## EXERCISE BRIEF:
Exactly as written, copy the lines of the data below from the first through the one containing "sum_over_permutations_insert[OF this(5,6)]".

## THE RECORDS:
(* Let $a,b,c,d$ be integers with $1=a\le b\le c\le d$ and let $$M=\begin{bmatrix}a&-1&-1&-1\\-1&b&-1&-1\\-1&-1&c&-1\\-1&-1&-1&d\end{bmatrix}.$$ If $\det M=0$, then $b\le5$. Moreover: if $b=3$ and $c\ge7$, then $c=d=7$; if $b=4$, then $c=4$ and $d=9$; if $b=5$, then $c=d=5$. *)

theory Defs
  imports "HOL-Analysis.Analysis"
begin

definition diag_minus_one_mat :: "int \<Rightarrow> int \<Rightarrow> int \<Rightarrow> int \<Rightarrow> int^4^4" where
  "diag_minus_one_mat a b c d =
     (\<chi> i j. if i = j then (if i = 1 then a else if i = 2 then b else if i = 3 then c else d)
             else -1)"

end

theory Submission imports Defs begin

text \<open>Writing \<open>x\<^sub>i = a\<^sub>i + 1\<close>, the matrix is \<open>diag x - J\<close> with \<open>J\<close> the all-ones matrix, so
  \<open>det = x\<^sub>1x\<^sub>2x\<^sub>3x\<^sub>4 (1 - \<Sum> 1/x\<^sub>i)\<close> and a singular matrix with \<open>a = 1\<close> gives
  \<open>1/(b+1) + 1/(c+1) + 1/(d+1) = 1/2\<close>. The smallest of three positive unit fractions with
  sum \<open>1/q\<close> has denominator at most \<open>3q\<close>, and once it is fixed, the smaller of the remaining two
  is bounded likewise; the few candidates left are checked directly.\<close>

lemma det_diag_minus_one_mat:
  "det (diag_minus_one_mat a b c d) =
     (a+1)*(b+1)*(c+1)*(d+1)
     - ((a+1)*(b+1)*(c+1) + (a+1)*(b+1)*(d+1) + (a+1)*(c+1)*(d+1) + (b+1)*(c+1)*(d+1))"
proof -
  have "finite {2::4, 3, 4}" "1 \<notin> {2::4, 3, 4}"
   and "finite {3::4, 4}" "2 \<notin> {3::4, 4}"
   and "finite {4::4}" "3 \<notin> {4::4}" by auto
  note expand = sum_over_permutations_insert[OF this(1,2)] sum_over_permutations_insert[OF this(3,4)]
    sum_over_permutations_insert[OF this(5,6)]
  show ?thesis
    unfolding det_def UNIV_4 expand permutes_sing
    by (simp add: sign_swap_id permutation_swap_id sign_compose permutation_compose sign_id
        swap_id_eq diag_minus_one_mat_def algebra_simps)
qed

lemma unit_fraction_pair_bound:
  fixes p q y z :: "'a::linordered_idom"
  assumes "0 < y" "y \<le> z" "0 \<le> q" and eq: "p * (y * z) = q * (y + z)"
  shows "p * y \<le> 2 * q"
proof -
  have "(p * y) * z = q * y + q * z" using eq by (simp add: algebra_simps)
  also have "\<dots> \<le> (2 * q) * z" using assms by (simp add: mult_left_mono algebra_simps)
  finally show ?thesis using assms by simp
qed

lemma unit_fraction_triple_bound:
  fixes q x y z :: "'a::linordered_idom"
  assumes "0 < x" "x \<le> y" "y \<le> z" "0 \<le> q" and eq: "x * y * z = q * (x * y + x * z + y * z)"
  shows "x \<le> 3 * q"
proof -
  have "x * y \<le> y * z" "x * z \<le> y * z" using assms by (simp_all add: mult_right_mono)
  then have "q * (x * y + x * z + y * z) \<le> q * (3 * (y * z))"
    using \<open>0 \<le> q\<close> by (intro mult_left_mono) simp_all
  then have "x * (y * z) \<le> (3 * q) * (y * z)" using eq by (simp add: algebra_simps)
  moreover have "0 < y * z" using assms by simp
  ultimately show ?thesis by (simp add: mult_le_cancel_right)
qed

lemma egyptian_half_triples:
  fixes x y z :: int
  assumes "0 < x" "x \<le> y" "y \<le> z" and eq: "x * y * z = 2 * (x * y + x * z + y * z)"
  shows "x \<le> 6"
    and "x = 4 \<Longrightarrow> 8 \<le> y \<Longrightarrow> y = 8 \<and> z = 8"
    and "x = 5 \<Longrightarrow> y = 5 \<and> z = 10"
    and "x = 6 \<Longrightarrow> y = 6 \<and> z = 6"
proof -
  have "0 < y" using assms by simp
  note pair_bound = unit_fraction_pair_bound[OF this \<open>y \<le> z\<close>]
  show "x \<le> 6" using unit_fraction_triple_bound[OF assms(1-3) _ eq] by simp
  show "y = 8 \<and> z = 8" if "x = 4" "8 \<le> y"
  proof -
    have "y * z = 4 * (y + z)" using eq that(1) by (simp add: algebra_simps)
    then have "y \<le> 8" using pair_bound[of 4 1] by simp
    then show ?thesis using that \<open>y * z = 4 * (y + z)\<close> by simp
  qed
  show "y = 5 \<and> z = 10" if "x = 5"
  proof -
    have "3 * (y * z) = 10 * (y + z)" using eq that by (simp add: algebra_simps)
    then have "y = 5 \<or> y = 6" using pair_bound[of 10 3] that assms by linarith
    then show ?thesis using \<open>3 * (y * z) = 10 * (y + z)\<close> by presburger
  qed
  show "y = 6 \<and> z = 6" if "x = 6"
  proof -
    have "y * z = 3 * (y + z)" using eq that by (simp add: algebra_simps)
    then have "y \<le> 6" using pair_bound[of 3 1] by simp
    then show ?thesis using that assms \<open>y * z = 3 * (y + z)\<close> by simp
  qed
qed

theorem lemma3p7:
  fixes a b c d :: int
  assumes "1 = a" and "a \<le> b" and "b \<le> c" and "c \<le> d"
    and "det (diag_minus_one_mat a b c d) = 0"
  shows "b \<le> 5
    \<and> (b = 3 \<and> c \<ge> 7 \<longrightarrow> c = 7 \<and> d = 7)
    \<and> (b = 4 \<longrightarrow> c = 4 \<and> d = 9)
    \<and> (b = 5 \<longrightarrow> c = 5 \<and> d = 5)"
proof -
  have "(b+1) * (c+1) * (d+1) = 2 * ((b+1) * (c+1) + (b+1) * (d+1) + (c+1) * (d+1))"
    using assms(5) unfolding det_diag_minus_one_mat \<open>1 = a\<close>[symmetric] by (simp add: algebra_simps)
  moreover have "0 < b + 1" "b + 1 \<le> c + 1" "c + 1 \<le> d + 1" using assms by simp_all
  ultimately show ?thesis using egyptian_half_triples[of "b+1" "c+1" "d+1"] by auto
qed

end
text \<open>Quotients: the coset of v modulo C, the image of W in the quotient U/C,
  and the dimension of a subspace S of the quotient U/C (via its preimage:
  dim S = dim (q^{-1} S) - dim C).\<close>
definition coset :: "('x \<Rightarrow> bit) set \<Rightarrow> ('x \<Rightarrow> bit) \<Rightarrow> ('x \<Rightarrow> bit) set" where
  "coset C v = (\<lambda>c. v + c) ` C"

definition quot_sub :: "('x \<Rightarrow> bit) set \<Rightarrow> ('x \<Rightarrow> bit) set \<Rightarrow> ('x \<Rightarrow> bit) set set" where
  "quot_sub W C = coset C ` W"

definition dim_quot :: "('x \<Rightarrow> bit) set set \<Rightarrow> ('x \<Rightarrow> bit) set \<Rightarrow> nat" where
  "dim_quot S C = dimZ2 {v. coset C v \<in> S} - dimZ2 C"

definition vr_edges :: "('x \<Rightarrow> 'x \<Rightarrow> real) \<Rightarrow> real \<Rightarrow> ('x \<times> 'x) set" where
  "vr_edges d r = {(x, y). d x y \<le> r}"

definition components :: "('x \<Rightarrow> 'x \<Rightarrow> real) \<Rightarrow> real \<Rightarrow> 'x set set" where
  "components d r = UNIV // ((vr_edges d r \<union> (vr_edges d r)\<inverse>)\<^sup>*)"

text \<open>PH_0(X)_r = Z2-space on the components, i.e. functions 'x set => bit supported on
  components d r; the structure map rho_{0r} sends a basis point to its component.\<close>
definition rho0 :: "('x \<Rightarrow> 'x \<Rightarrow> real) \<Rightarrow> real \<Rightarrow> ('x \<Rightarrow> bit) \<Rightarrow> ('x set \<Rightarrow> bit)" where
  "rho0 d r v = (\<lambda>K. if K \<in> components d r then (\<Sum>x\<in>K. v x) else 0)"

definition ker_plus :: "('x \<Rightarrow> 'x \<Rightarrow> real) \<Rightarrow> real \<Rightarrow> ('x \<Rightarrow> bit) set" where
  "ker_plus d b = {v. rho0 d b v = 0}"

definition ker_minus :: "('x \<Rightarrow> 'x \<Rightarrow> real) \<Rightarrow> real \<Rightarrow> ('x \<Rightarrow> bit) set" where
  "ker_minus d b = (\<Union>r\<in>{r. 0 \<le> r \<and> r < b}. {v. rho0 d r v = 0})"

text \<open>Barcode (set of finite death values) of PH_0(X): all bars are born at 0, and
  dim PH_0(X)_r = number of components of VR_r(X) = number of bars alive at r,
  so b > 0 is a finite death value iff the number of components drops at b.\<close>
definition barcode :: "('x \<Rightarrow> 'x \<Rightarrow> real) \<Rightarrow> real set" where
  "barcode d = {b. 0 < b \<and> (\<forall>s. 0 \<le> s \<and> s < b \<longrightarrow> card (components d b) < card (components d s))}"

## RESULT OF THIS TASK:
(* Let $a,b,c,d$ be integers with $1=a\le b\le c\le d$ and let $$M=\begin{bmatrix}a&-1&-1&-1\\-1&b&-1&-1\\-1&-1&c&-1\\-1&-1&-1&d\end{bmatrix}.$$ If $\det M=0$, then $b\le5$. Moreover: if $b=3$ and $c\ge7$, then $c=d=7$; if $b=4$, then $c=4$ and $d=9$; if $b=5$, then $c=d=5$. *)

theory Defs
  imports "HOL-Analysis.Analysis"
begin

definition diag_minus_one_mat :: "int \<Rightarrow> int \<Rightarrow> int \<Rightarrow> int \<Rightarrow> int^4^4" where
  "diag_minus_one_mat a b c d =
     (\<chi> i j. if i = j then (if i = 1 then a else if i = 2 then b else if i = 3 then c else d)
             else -1)"

end

theory Submission imports Defs begin

text \<open>Writing \<open>x\<^sub>i = a\<^sub>i + 1\<close>, the matrix is \<open>diag x - J\<close> with \<open>J\<close> the all-ones matrix, so
  \<open>det = x\<^sub>1x\<^sub>2x\<^sub>3x\<^sub>4 (1 - \<Sum> 1/x\<^sub>i)\<close> and a singular matrix with \<open>a = 1\<close> gives
  \<open>1/(b+1) + 1/(c+1) + 1/(d+1) = 1/2\<close>. The smallest of three positive unit fractions with
  sum \<open>1/q\<close> has denominator at most \<open>3q\<close>, and once it is fixed, the smaller of the remaining two
  is bounded likewise; the few candidates left are checked directly.\<close>

lemma det_diag_minus_one_mat:
  "det (diag_minus_one_mat a b c d) =
     (a+1)*(b+1)*(c+1)*(d+1)
     - ((a+1)*(b+1)*(c+1) + (a+1)*(b+1)*(d+1) + (a+1)*(c+1)*(d+1) + (b+1)*(c+1)*(d+1))"
proof -
  have "finite {2::4, 3, 4}" "1 \<notin> {2::4, 3, 4}"
   and "finite {3::4, 4}" "2 \<notin> {3::4, 4}"
   and "finite {4::4}" "3 \<notin> {4::4}" by auto
  note expand = sum_over_permutations_insert[OF this(1,2)] sum_over_permutations_insert[OF this(3,4)]
    sum_over_permutations_insert[OF this(5,6)]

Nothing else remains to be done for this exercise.